The simplest method is a [complete block design, or CB\[1\]](cb1.qmd). In this design, there is just one blocking factor and one treatment factor. It is called a complete block because all the treatments are represented in each block. Incomplete block designs, where each block does *not* have all the treatments represented, are not treated in this book.
What should you do if there are two blocking variables? In the special case when the two blocking factors have the same number of levels, then a [Latin Square (LS) design](latin_square.qmd) can be used. There are many other scenarios and set-ups that use two (or more) block variables that are not explicitly addressed in this book.

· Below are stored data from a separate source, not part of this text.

(* Let $q$ be a prime power and $\mathcal{L}$ a non-empty set of lines of $\mathrm{PG}(n,q)$ satisfying (Pt), (Pl), (Sd) and (To) (see context). Let $M$ be a subspace of $\mathrm{PG}(n,q)$, and let $\ell\in\mathcal{L}\setminus\mathcal{L}_M$ be a line that meets a line $s\in\mathcal{L}_M$. Then: (a) $s$ is the only line of $\mathcal{L}_M$ meeting $\ell$. (b) If $\ell^M\in\mathcal{L}_M$ meets $s$ in exactly one point, then $\mathcal{L}_{\langle \ell^M,\ell\rangle}=\mathcal{L}_{\langle \ell^M,s\rangle}\cup\mathcal{L}_{\langle s,\ell\rangle}$. (c) If $\ell^M_1,\ell^M_2\in\mathcal{L}_M$ meet $s$ in exactly one point $P$, resp. $Q$, then $\mathcal{L}_{\langle \ell^M_1,\ell\rangle}\cap\mathcal{L}_{\langle \ell^M_2,\ell\rangle}=\mathcal{L}_{\langle \ell^M_1,\ell\rangle}$ if $P=Q$, and $=\mathcal{L}_{\langle s,\ell\rangle}$ if $P\ne Q$. (d) If $\ell^M_1\in\mathcal{L}_M$ meets $s$ in exactly one point and $\ell^M_2\in\mathcal{L}_M$ is disjoint from $s$, then $\mathcal{L}_{\langle \ell^M_1,\ell\rangle}\cap\mathcal{L}_{\langle \ell^M_2,\ell\rangle}=\{\ell\}$.
   Context: (Pt): every point of $\mathrm{PG}(n,q)$ lies on $0$ or $q+1$ lines of $\mathcal{L}$. (Pl): every plane contains $0$, $1$ or $q+1$ lines of $\mathcal{L}$. (Sd): every solid ($3$-dimensional subspace) contains $0$, $1$, $q+1$ or $2q+1$ lines of $\mathcal{L}$. (To): $|\mathcal{L}|\le q^5+q^4+q^3+q^2+q+1$. For a subspace $W$, $\mathcal{L}_W$ denotes the set of lines of $\mathcal{L}$ contained in $W$; $\langle X,Y\rangle$ denotes the subspace spanned by $X$ and $Y$. *)

theory Defs
  imports "HOL-Analysis.Analysis"
begin

text \<open>Model of PG(n,q): the projective space of the vector space 'a^'n over a finite
field 'a with CARD('a) = q, where CARD('n) = n+1. Projective subspaces are linear
subspaces; a projective subspace of projective dimension k is a linear subspace
of (vector) dimension k+1.\<close>

definition pg_subspace :: "('a::field ^ 'n) set \<Rightarrow> bool" where
  "pg_subspace W \<longleftrightarrow> vec.subspace W"

definition pg_point :: "('a::field ^ 'n) set \<Rightarrow> bool" where
  "pg_point W \<longleftrightarrow> vec.subspace W \<and> vec.dim W = 1"

definition pg_line :: "('a::field ^ 'n) set \<Rightarrow> bool" where
  "pg_line W \<longleftrightarrow> vec.subspace W \<and> vec.dim W = 2"

definition pg_plane :: "('a::field ^ 'n) set \<Rightarrow> bool" where
  "pg_plane W \<longleftrightarrow> vec.subspace W \<and> vec.dim W = 3"

definition pg_solid :: "('a::field ^ 'n) set \<Rightarrow> bool" where
  "pg_solid W \<longleftrightarrow> vec.subspace W \<and> vec.dim W = 4"

definition pg_join :: "('a::field ^ 'n) set \<Rightarrow> ('a ^ 'n) set \<Rightarrow> ('a ^ 'n) set" where
  "pg_join X Y = vec.span (X \<union> Y)"

definition pg_meet :: "('a::field ^ 'n) set \<Rightarrow> ('a ^ 'n) set \<Rightarrow> bool" where
  "pg_meet X Y \<longleftrightarrow> (\<exists>P. pg_point P \<and> P \<subseteq> X \<and> P \<subseteq> Y)"

definition pg_meet_in_point :: "('a::field ^ 'n) set \<Rightarrow> ('a ^ 'n) set \<Rightarrow> ('a ^ 'n) set \<Rightarrow> bool" where
  "pg_meet_in_point X Y P \<longleftrightarrow> pg_point P \<and> X \<inter> Y = P"

definition lines_in :: "('a::field ^ 'n) set set \<Rightarrow> ('a ^ 'n) set \<Rightarrow> ('a ^ 'n) set set" where
  "lines_in L W = {l \<in> L. l \<subseteq> W}"

definition cond_Pt :: "('a::{field,finite} ^ 'n) set set \<Rightarrow> bool" where
  "cond_Pt L \<longleftrightarrow> (\<forall>P. pg_point P \<longrightarrow>
      card {l \<in> L. P \<subseteq> l} = 0 \<or> card {l \<in> L. P \<subseteq> l} = CARD('a) + 1)"

definition cond_Pl :: "('a::{field,finite} ^ 'n) set set \<Rightarrow> bool" where
  "cond_Pl L \<longleftrightarrow> (\<forall>\<pi>. pg_plane \<pi> \<longrightarrow> card (lines_in L \<pi>) \<in> {0, 1, CARD('a) + 1})"

definition cond_Sd :: "('a::{field,finite} ^ 'n) set set \<Rightarrow> bool" where
  "cond_Sd L \<longleftrightarrow> (\<forall>S. pg_solid S \<longrightarrow>
      card (lines_in L S) \<in> {0, 1, CARD('a) + 1, 2 * CARD('a) + 1})"

definition cond_To :: "('a::{field,finite} ^ 'n) set set \<Rightarrow> bool" where
  "cond_To L \<longleftrightarrow> (let q = CARD('a) in card L \<le> q^5 + q^4 + q^3 + q^2 + q + 1)"

end

theory Submission
  imports Defs
begin

text \<open>Three lines of \<L> through a common point are coplanar: otherwise they span a solid
containing three planes with \<open>q+1\<close> lines each, any two of which share at most one line,
so the solid would contain at least \<open>3q > 2q+1\<close> lines. Hence, by (Pt), the lines of \<L> in
a plane spanned by two lines of \<L> form the pencil through their common point.

The line \<open>l\<close> meets \<open>M\<close> in the single point \<open>l \<inter> s\<close>, so a second line of \<open>\<L>\<^sub>M\<close> meeting
\<open>l\<close> would pass through this point as well, and coplanarity of the three concurrent lines
would put \<open>l\<close> into \<open>M\<close>; this is (a). If \<open>x \<in> \<L>\<^sub>M\<close>
meets \<open>s\<close> in a point, the solid \<open>\<langle>x,l\<rangle>\<close> contains the planes \<open>\<langle>x,s\<rangle>\<close> and \<open>\<langle>s,l\<rangle>\<close>, which
share only \<open>s\<close>; their \<open>2q+1\<close> lines exhaust the solid by (Sd), which is (b). Part (c)
follows by comparing the pencils in \<open>\<langle>x,s\<rangle>\<close>, and (d) because a line in both solids other
than \<open>l\<close> would meet \<open>l\<close> and thereby drag \<open>s\<close> into the second solid.\<close>

lemma subspace_pg_join [simp]: "vec.subspace (pg_join X Y)"
  unfolding pg_join_def by (rule vec.subspace_span)

lemma pg_join_superset: "X \<subseteq> pg_join X Y" "Y \<subseteq> pg_join X Y"
  unfolding pg_join_def using vec.span_superset by blast+

lemma pg_join_subset_iff:
  "vec.subspace W \<Longrightarrow> pg_join X Y \<subseteq> W \<longleftrightarrow> X \<subseteq> W \<and> Y \<subseteq> W"
  unfolding pg_join_def by (meson le_sup_iff order_trans vec.span_minimal vec.span_superset)

lemma dim_pg_join_Int:
  assumes "vec.subspace X" "vec.subspace Y"
  shows "vec.dim (pg_join X Y) + vec.dim (X \<inter> Y) = vec.dim X + vec.dim Y"
proof -
  have span: "vec.span X = X" "vec.span Y = Y"
    using assms by simp_all
  have "pg_join X Y = {x + y |x y. x \<in> X \<and> y \<in> Y}"
    by (simp only: pg_join_def vec.span_Un span)
  then show ?thesis
    using vec.dim_sums_Int[OF assms] by simp
qed

lemma dim_add_le_dim_Int:
  assumes "vec.subspace X" "vec.subspace Y" "vec.subspace W" "X \<subseteq> W" "Y \<subseteq> W"
  shows "vec.dim X + vec.dim Y \<le> vec.dim W + vec.dim (X \<inter> Y)"
proof -
  have "vec.dim (pg_join X Y) \<le> vec.dim W"
    using assms by (simp add: pg_join_subset_iff vec.dim_subset)
  then show ?thesis
    using dim_pg_join_Int[OF assms(1,2)] by linarith
qed

lemma dim_less_of_psubset:
  assumes "vec.subspace X" "vec.subspace Y" "X \<subset> Y"
  shows "vec.dim X < vec.dim Y"
proof -
  have span: "vec.span X = X" "vec.span Y = Y"
    using assms(1,2) by simp_all
  show ?thesis
    using vec.dim_psubset[of X Y] assms(3) unfolding span by blast
qed

lemma dim_Int_less_of_ne:
  assumes "vec.subspace X" "vec.subspace Y" "vec.dim X = vec.dim Y" "X \<noteq> Y"
  shows "vec.dim (X \<inter> Y) < vec.dim X"
proof (rule ccontr)
  assume "\<not> ?thesis"
  then have "X \<inter> Y = X" "X \<inter> Y = Y"
    using assms vec.subspace_inter[OF assms(1,2)] vec.subspace_dim_equal[of "X \<inter> Y"]
    by (metis inf_le1 inf_le2 not_less)+
  with assms(4) show False
    by simp
qed

lemma pg_meet_iff_dim_Int:
  assumes "vec.subspace X" "vec.subspace Y"
  shows "pg_meet X Y \<longleftrightarrow> 1 \<le> vec.dim (X \<inter> Y)"
proof
  assume "pg_meet X Y"
  then obtain P where "pg_point P" "P \<subseteq> X \<inter> Y"
    unfolding pg_meet_def by blast
  then show "1 \<le> vec.dim (X \<inter> Y)"
    unfolding pg_point_def by (metis vec.dim_subset)
next
  assume "1 \<le> vec.dim (X \<inter> Y)"
  then have "\<not> X \<inter> Y \<subseteq> {0}"
    using vec.dim_eq_0 by (metis not_one_le_zero)
  then obtain v where v: "v \<in> X \<inter> Y" "v \<noteq> 0"
    by blast
  then have "vec.dim (vec.span {v}) = 1"
    by (simp add: vec.dim_span_eq_card_independent vec.independent_insert)
  moreover have "vec.span {v} \<subseteq> X \<inter> Y"
    using v assms by (simp add: vec.span_minimal vec.subspace_inter)
  ultimately show "pg_meet X Y"
    unfolding pg_meet_def pg_point_def using vec.subspace_span by blast
qed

Another common and very powerful design is a [split-plot/repeated measures design](sp_rm.qmd). A split plot/repeated measures design is like a complete block CB\[1\], except that there is an additional treatment factor. A level of this additional treatment factor is randomly assigned to each block. This design incorporates another concept called "nesting".
[Analysis of covariance (ANCOVA)](ancova.qmd)is another technique that **will** be covered in this book. It is not considered blocking, but it is also a technique for dealing with nuisance sources of variation.